いきなり掛けられたその声に、ハイネは硬直。ぎぎぎ…と音でも立てそうな、
というか、実際鎧の間接部がこすらせ音を立てながら、ぎこちない動作で振り返る。
そこに立っていた、否、浮かんでいたのは白いバリアジャケットに身を包んだ魔導師、高町なのは一等空尉。
別名、管理局の白いなんとか。
「えぇと…高町一尉。どうして此処に?」
「フェイトちゃんから連絡があって、ちょうど近くで市街戦訓練の教官やってたから飛んできたの。」
「…そうですか…」
「で。」
四つ年下の、ぎりぎり少女と言えなくも無い女性は、何処か畏怖すら感じる声で告げた。

 

「どういうことかな?」
その微笑は天使のそれ。――あぁ、悪魔も天使も微笑み方は一緒なんだな…そんなことを考えながら、
なんとか言い訳を構築しようとして…止めた。観念して全部言った方が良さそうだ。
「知り合いだったからですよ。」
「つまり?」
「まず、あいつは軍人で、民間人じゃない。デバイスも持っていたし、確実に戦える人間です。

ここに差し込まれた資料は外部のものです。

definition expected_SW_PM :: "real measure \<Rightarrow> real \<Rightarrow> real \<Rightarrow> nat \<Rightarrow> real" where
  "expected_SW_PM M q p n =
     (\<integral>x. social_welfare q n x (percentile_mech p n x) \<partial>(PiM {..<n} (\<lambda>_. M)))"

definition PM_optimal :: "real measure \<Rightarrow> real \<Rightarrow> real \<Rightarrow> bool" where
  "PM_optimal M q p \<longleftrightarrow>
     (\<exists>L. (expected_SW_PM M q p \<longlonglongrightarrow> L) \<and>
          L \<in> (\<lambda>y. q - W_cost M q y) ` {0..1} \<and>
          (\<forall>y\<in>{0..1}. q - W_cost M q y \<le> L))"

end

theory Submission
  imports Defs
begin

text \<open>By the bathtub principle the interval \<open>[y - R(y), y + R(y)]\<close> is the cheapest set of mass \<open>q\<close>,
  which makes \<open>W\<close> Lipschitz, so it attains its minimum on \<open>[0, 1]\<close>. At a minimiser \<open>ybar\<close>,
  first-order optimality balances the mass of its service interval on both sides of \<open>ybar\<close>;
  hence \<open>W\<close> is constant on the level interval \<open>[a, b]\<close> of the cdf \<open>F\<close> through \<open>ybar\<close>.
  By Hoeffding's inequality for finitely many test functions, with probability exponentially
  close to 1 the empirical cdf places the \<open>F(ybar)\<close>-percentile of the sample near \<open>[a, b]\<close>, and
  the empirical welfare is uniformly close to \<open>q - W\<close>. As welfare lies in \<open>[0, 1]\<close>, the
  expected welfare of the mechanism converges to \<open>q - W ybar\<close>.\<close>

lemma nonneg_if_quadratic_perturbation_nonneg:
  fixes c C \<delta> :: real
  assumes "\<delta> > 0" and perturb: "\<And>h. 0 < h \<Longrightarrow> h \<le> \<delta> \<Longrightarrow> 0 \<le> h * c + C * h\<^sup>2"
  shows "0 \<le> c"
proof (rule ccontr)
  assume "\<not> 0 \<le> c"
  define h where "h = min \<delta> (- c / (2 * (\<bar>C\<bar> + 1)))"
  have "0 < - c / (2 * (\<bar>C\<bar> + 1))" using \<open>\<not> 0 \<le> c\<close> by (intro divide_pos_pos) auto
  then have h: "0 < h" "h \<le> \<delta>" using \<open>\<delta> > 0\<close> by (auto simp: h_def)
  have "h * (\<bar>C\<bar> + 1) \<le> - c / (2 * (\<bar>C\<bar> + 1)) * (\<bar>C\<bar> + 1)"
    by (intro mult_right_mono) (auto simp: h_def)
  also have "- c / (2 * (\<bar>C\<bar> + 1)) * (\<bar>C\<bar> + 1) = - c / 2"
    by (simp add: field_simps add_pos_nonneg)
  finally have h3: "h * (\<bar>C\<bar> + 1) \<le> - c / 2" .
  have "0 \<le> h * (c + C * h)"
    using perturb[OF h(1,2)] by (simp add: power2_eq_square algebra_simps)
  then have "0 \<le> c + C * h" using h(1) by (simp add: zero_le_mult_iff)
  moreover have "C * h \<le> \<bar>C\<bar> * h" using h(1) by (intro mult_right_mono) auto
  moreover have "\<bar>C\<bar> * h + h \<le> - c / 2" using h3 by (simp add: algebra_simps)
  ultimately show False using h(1) \<open>\<not> 0 \<le> c\<close> by linarith
qed

lemma LIMSEQ_if_exponentially_close:
  fixes s :: "nat \<Rightarrow> real"
  assumes close: "\<And>e. e > 0 \<Longrightarrow>
    \<exists>r>0. \<exists>C n0. \<forall>n\<ge>n0. \<bar>s n - c\<bar> \<le> e + C * exp (- r * real n)"
  shows "s \<longlonglongrightarrow> c"
proof (rule LIMSEQ_I)
  fix e :: real assume "e > 0"
  then obtain r C n0 where r: "r > 0" and n0: "\<And>n. n \<ge> n0 \<Longrightarrow> \<bar>s n - c\<bar> \<le> e / 2 + C * exp (- r * real n)"
    using close[of "e / 2"] by auto
  have "(\<lambda>n. exp (- r) ^ n) \<longlonglongrightarrow> 0" using r by (intro LIMSEQ_power_zero) simp
  then have "(\<lambda>n. C * exp (- r * real n)) \<longlonglongrightarrow> C * 0"
    by (intro tendsto_mult tendsto_const) (simp add: exp_of_nat_mult[symmetric] mult.commute)
  then obtain n1 where n1: "\<And>n. n \<ge> n1 \<Longrightarrow> C * exp (- r * real n) < e / 2"
    using \<open>e > 0\<close> order_tendstoD(2)[of _ 0 sequentially "e / 2"] by (auto simp: eventually_sequentially)
  show "\<exists>no. \<forall>n\<ge>no. norm (s n - c) < e"
  proof (intro exI[of _ "max n0 n1"] allI impI)
    fix n assume "max n0 n1 \<le> n"
    then show "norm (s n - c) < e" using n0[of n] n1[of n] by simp
  qed
qed

lemma abs_sum_diff_nested_le:
  fixes h :: "'a \<Rightarrow> real"
  assumes fin: "finite S" "finite T" and nested: "S \<subseteq> T \<or> T \<subseteq> S"
    and h: "\<And>i. i \<in> S \<union> T \<Longrightarrow> \<bar>h i\<bar> \<le> 1"
  shows "\<bar>sum h S - sum h T\<bar> \<le> \<bar>real (card S) - real (card T)\<bar>"
proof -
  have one_side: "\<bar>sum h B - sum h A\<bar> \<le> real (card B) - real (card A)"
    if "A \<subseteq> B" "finite B" "\<And>i. i \<in> B \<Longrightarrow> \<bar>h i\<bar> \<le> 1" for A B
  proof -
    have "\<bar>sum h (B - A)\<bar> \<le> (\<Sum>i\<in>B - A. \<bar>h i\<bar>)" by (rule sum_abs)
    also have "\<dots> \<le> of_nat (card (B - A)) * 1" using that by (intro sum_bounded_above) auto
    finally show ?thesis
      using that by (simp add: sum.subset_diff[of A B] card_Diff_subset finite_subset card_mono of_nat_diff)
  qed
  from nested show ?thesis
  proof
    assume "S \<subseteq> T"
    then show ?thesis using one_side[of S T] fin h by (simp add: abs_minus_commute)
  next
    assume "T \<subseteq> S"
    then show ?thesis using one_side[of T S] fin h by simp
  qed
qed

 実際、初戦でガジェット何機か撃破してるみたいですし。」
「だからといって、戦わせて良い理由にはならないよね?」
「なりますよ。あいつは俺の部下です。元の部隊にいた時の。俺はZAFT軍人として部下に敵対戦力の撃破を命じただけです。
 忘れてないですよね? 管理局に入る時に、俺ははっきりこう言った筈です。ZAFTを辞めるつもりは無い、
 元の世界に帰る手段が判れば、すぐに管理局を辞め原隊へ戻る、と。」
これは事実だ。ハイネはZAFT軍人の立場を捨てていない。単純に戻る手段が無いからこの世界にいるだけである。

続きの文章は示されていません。